# Problem to work on
In the records below, find every line with the word "nodes" and copy it.

# Recorded information

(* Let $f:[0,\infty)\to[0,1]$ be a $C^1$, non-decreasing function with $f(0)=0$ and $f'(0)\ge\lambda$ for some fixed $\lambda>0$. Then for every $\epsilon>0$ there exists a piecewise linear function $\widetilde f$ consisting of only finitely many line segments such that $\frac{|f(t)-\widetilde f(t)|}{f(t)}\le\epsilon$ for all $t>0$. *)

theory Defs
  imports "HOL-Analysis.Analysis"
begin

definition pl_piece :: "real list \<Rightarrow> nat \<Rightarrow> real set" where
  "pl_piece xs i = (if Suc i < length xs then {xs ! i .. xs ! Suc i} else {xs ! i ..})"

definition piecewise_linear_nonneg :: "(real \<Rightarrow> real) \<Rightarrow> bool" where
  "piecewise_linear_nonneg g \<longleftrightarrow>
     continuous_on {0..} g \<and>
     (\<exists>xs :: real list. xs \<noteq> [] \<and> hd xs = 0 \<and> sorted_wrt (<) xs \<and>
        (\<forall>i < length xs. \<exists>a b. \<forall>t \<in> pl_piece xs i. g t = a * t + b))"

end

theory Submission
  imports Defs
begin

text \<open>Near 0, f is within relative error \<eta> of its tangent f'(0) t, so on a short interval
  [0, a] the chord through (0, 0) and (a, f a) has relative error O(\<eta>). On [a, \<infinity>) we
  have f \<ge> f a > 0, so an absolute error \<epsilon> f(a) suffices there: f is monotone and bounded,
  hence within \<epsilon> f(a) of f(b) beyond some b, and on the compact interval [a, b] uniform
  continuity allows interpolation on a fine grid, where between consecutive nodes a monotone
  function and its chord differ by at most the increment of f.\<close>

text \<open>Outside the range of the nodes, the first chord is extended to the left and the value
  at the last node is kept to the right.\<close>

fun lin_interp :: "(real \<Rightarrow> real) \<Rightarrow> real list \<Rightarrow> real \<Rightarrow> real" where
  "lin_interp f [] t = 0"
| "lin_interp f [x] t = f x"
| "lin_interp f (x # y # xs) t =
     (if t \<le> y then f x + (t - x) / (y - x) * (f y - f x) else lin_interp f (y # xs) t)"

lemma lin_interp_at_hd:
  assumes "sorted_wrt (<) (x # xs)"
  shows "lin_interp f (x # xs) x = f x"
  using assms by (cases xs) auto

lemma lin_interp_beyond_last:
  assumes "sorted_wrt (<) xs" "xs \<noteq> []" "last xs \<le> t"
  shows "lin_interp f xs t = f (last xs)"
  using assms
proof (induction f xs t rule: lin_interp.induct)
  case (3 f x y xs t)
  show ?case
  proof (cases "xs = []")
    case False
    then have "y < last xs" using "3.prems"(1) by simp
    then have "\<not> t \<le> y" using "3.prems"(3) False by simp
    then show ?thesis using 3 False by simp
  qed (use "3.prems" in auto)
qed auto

* * *

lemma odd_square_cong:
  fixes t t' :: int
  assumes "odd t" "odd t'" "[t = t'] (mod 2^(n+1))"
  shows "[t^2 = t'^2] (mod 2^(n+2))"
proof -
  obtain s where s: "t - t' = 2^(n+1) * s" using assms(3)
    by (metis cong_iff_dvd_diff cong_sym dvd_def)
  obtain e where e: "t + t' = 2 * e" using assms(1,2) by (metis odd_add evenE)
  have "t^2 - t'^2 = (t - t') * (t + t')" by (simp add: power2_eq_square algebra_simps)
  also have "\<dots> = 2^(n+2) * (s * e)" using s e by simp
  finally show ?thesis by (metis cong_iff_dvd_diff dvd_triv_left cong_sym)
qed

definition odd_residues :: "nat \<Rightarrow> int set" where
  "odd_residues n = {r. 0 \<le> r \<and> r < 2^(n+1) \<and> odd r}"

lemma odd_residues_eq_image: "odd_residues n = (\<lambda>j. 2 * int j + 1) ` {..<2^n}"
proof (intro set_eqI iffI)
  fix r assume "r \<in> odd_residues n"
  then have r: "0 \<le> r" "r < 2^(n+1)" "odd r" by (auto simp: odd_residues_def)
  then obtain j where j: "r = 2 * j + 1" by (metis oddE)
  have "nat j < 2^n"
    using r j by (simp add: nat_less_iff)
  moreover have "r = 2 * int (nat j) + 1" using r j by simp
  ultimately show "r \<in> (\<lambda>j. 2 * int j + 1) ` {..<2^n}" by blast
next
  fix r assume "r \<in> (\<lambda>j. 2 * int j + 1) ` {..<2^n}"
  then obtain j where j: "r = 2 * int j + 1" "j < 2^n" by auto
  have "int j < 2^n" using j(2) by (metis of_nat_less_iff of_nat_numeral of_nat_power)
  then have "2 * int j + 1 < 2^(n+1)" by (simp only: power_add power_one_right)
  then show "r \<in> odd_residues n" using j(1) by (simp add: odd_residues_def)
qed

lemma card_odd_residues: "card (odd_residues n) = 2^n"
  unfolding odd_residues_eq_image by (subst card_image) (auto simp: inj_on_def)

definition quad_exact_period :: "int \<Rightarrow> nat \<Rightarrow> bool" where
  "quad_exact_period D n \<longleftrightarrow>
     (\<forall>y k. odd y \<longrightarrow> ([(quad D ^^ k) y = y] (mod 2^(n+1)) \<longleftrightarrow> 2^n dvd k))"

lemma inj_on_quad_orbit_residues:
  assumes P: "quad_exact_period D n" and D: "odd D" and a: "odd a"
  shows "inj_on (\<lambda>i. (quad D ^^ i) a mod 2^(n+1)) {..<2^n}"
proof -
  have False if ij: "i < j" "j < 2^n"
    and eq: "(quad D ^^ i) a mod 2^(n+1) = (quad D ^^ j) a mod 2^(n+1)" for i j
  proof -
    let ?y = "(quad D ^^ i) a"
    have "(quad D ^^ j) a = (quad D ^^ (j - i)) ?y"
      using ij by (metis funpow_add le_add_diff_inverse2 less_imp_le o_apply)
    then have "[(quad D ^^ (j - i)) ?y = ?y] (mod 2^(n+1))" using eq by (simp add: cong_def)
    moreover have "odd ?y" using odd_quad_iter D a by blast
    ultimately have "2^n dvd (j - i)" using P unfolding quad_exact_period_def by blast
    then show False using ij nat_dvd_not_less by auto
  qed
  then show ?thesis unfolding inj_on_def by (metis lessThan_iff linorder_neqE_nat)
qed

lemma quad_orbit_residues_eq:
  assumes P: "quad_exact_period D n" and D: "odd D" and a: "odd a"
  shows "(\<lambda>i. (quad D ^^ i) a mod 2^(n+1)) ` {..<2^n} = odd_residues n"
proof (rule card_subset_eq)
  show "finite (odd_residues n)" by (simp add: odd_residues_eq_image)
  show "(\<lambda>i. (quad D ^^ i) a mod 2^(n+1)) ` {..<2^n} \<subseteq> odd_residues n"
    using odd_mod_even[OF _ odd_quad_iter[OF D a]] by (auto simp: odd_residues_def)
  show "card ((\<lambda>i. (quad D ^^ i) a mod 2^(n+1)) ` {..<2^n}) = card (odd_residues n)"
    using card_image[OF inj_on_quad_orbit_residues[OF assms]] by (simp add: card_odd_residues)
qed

* * *

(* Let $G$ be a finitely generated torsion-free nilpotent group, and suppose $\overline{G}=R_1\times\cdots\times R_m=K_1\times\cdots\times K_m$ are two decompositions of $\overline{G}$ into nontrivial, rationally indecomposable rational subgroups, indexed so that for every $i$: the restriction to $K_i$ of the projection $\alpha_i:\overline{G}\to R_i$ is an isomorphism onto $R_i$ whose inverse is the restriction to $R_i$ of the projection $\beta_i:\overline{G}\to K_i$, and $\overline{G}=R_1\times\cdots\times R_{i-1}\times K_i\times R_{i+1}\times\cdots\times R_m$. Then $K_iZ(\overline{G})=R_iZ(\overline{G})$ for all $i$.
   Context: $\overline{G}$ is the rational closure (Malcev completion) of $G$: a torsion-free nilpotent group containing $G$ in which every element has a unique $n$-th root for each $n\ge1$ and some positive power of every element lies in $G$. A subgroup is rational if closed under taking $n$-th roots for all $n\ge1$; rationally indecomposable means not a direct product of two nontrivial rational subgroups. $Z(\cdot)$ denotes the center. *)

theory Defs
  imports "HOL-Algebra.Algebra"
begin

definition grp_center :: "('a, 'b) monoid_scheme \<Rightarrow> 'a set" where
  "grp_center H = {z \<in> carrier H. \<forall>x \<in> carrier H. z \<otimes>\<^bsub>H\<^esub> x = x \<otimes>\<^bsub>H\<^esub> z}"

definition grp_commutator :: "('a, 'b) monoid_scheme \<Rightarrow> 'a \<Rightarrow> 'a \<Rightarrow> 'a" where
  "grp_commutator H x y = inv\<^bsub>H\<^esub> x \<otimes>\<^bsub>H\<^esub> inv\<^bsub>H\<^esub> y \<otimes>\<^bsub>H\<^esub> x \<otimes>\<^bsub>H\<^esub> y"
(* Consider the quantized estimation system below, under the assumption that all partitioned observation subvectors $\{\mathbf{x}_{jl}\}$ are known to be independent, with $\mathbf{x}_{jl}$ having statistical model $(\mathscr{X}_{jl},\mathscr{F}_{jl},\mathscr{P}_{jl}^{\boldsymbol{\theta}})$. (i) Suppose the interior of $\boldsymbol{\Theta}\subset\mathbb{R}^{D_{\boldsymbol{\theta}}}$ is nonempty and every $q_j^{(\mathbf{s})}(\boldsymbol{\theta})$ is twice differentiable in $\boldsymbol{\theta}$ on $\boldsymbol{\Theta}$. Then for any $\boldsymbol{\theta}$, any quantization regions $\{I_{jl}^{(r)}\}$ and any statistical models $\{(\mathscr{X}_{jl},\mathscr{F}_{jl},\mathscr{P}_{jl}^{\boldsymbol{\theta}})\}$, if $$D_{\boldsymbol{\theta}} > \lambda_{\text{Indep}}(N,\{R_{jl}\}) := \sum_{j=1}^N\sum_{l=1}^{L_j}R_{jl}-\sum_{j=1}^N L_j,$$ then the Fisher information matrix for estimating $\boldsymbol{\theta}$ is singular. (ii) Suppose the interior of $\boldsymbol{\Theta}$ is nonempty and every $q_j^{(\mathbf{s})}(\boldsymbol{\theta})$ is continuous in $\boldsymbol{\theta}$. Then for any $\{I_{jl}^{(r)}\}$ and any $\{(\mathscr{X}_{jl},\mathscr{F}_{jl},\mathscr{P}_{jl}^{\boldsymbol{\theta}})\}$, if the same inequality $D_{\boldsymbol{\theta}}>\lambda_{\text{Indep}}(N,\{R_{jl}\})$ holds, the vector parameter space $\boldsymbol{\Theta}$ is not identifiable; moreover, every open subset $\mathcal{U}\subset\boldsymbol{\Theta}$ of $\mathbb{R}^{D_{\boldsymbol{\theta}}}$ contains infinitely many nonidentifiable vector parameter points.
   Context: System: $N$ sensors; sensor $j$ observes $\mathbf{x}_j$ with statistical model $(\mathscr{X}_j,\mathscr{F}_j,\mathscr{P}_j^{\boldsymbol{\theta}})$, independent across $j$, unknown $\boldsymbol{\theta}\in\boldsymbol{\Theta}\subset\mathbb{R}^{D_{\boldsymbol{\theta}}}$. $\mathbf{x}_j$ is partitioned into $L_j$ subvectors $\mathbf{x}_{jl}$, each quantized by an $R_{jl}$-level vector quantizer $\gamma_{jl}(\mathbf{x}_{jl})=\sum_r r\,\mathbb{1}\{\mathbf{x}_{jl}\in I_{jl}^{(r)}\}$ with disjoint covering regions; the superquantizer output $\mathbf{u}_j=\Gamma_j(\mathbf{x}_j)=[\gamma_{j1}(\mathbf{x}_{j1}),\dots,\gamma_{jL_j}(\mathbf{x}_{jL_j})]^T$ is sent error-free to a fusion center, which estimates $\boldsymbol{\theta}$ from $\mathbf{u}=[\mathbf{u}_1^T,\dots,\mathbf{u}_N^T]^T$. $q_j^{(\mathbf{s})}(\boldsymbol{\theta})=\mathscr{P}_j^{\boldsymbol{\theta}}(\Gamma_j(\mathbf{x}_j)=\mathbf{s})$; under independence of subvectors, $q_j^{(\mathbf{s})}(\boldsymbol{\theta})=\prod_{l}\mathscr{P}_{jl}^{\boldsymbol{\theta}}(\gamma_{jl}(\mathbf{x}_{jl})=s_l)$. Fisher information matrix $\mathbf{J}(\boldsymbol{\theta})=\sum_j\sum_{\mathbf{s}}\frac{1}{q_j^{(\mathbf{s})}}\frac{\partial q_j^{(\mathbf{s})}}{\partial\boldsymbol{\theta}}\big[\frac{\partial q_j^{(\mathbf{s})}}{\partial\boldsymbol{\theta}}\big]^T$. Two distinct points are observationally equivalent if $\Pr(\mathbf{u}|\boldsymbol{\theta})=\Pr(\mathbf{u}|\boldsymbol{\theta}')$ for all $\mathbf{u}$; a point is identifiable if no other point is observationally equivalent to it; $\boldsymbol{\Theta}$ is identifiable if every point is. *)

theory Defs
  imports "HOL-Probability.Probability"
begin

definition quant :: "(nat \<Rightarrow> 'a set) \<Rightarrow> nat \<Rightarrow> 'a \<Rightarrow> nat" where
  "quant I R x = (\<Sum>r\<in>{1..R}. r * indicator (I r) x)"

# Answer to the exercise
  continuity allows interpolation on a fine grid, where between consecutive nodes a monotone
text \<open>Outside the range of the nodes, the first chord is extended to the left and the value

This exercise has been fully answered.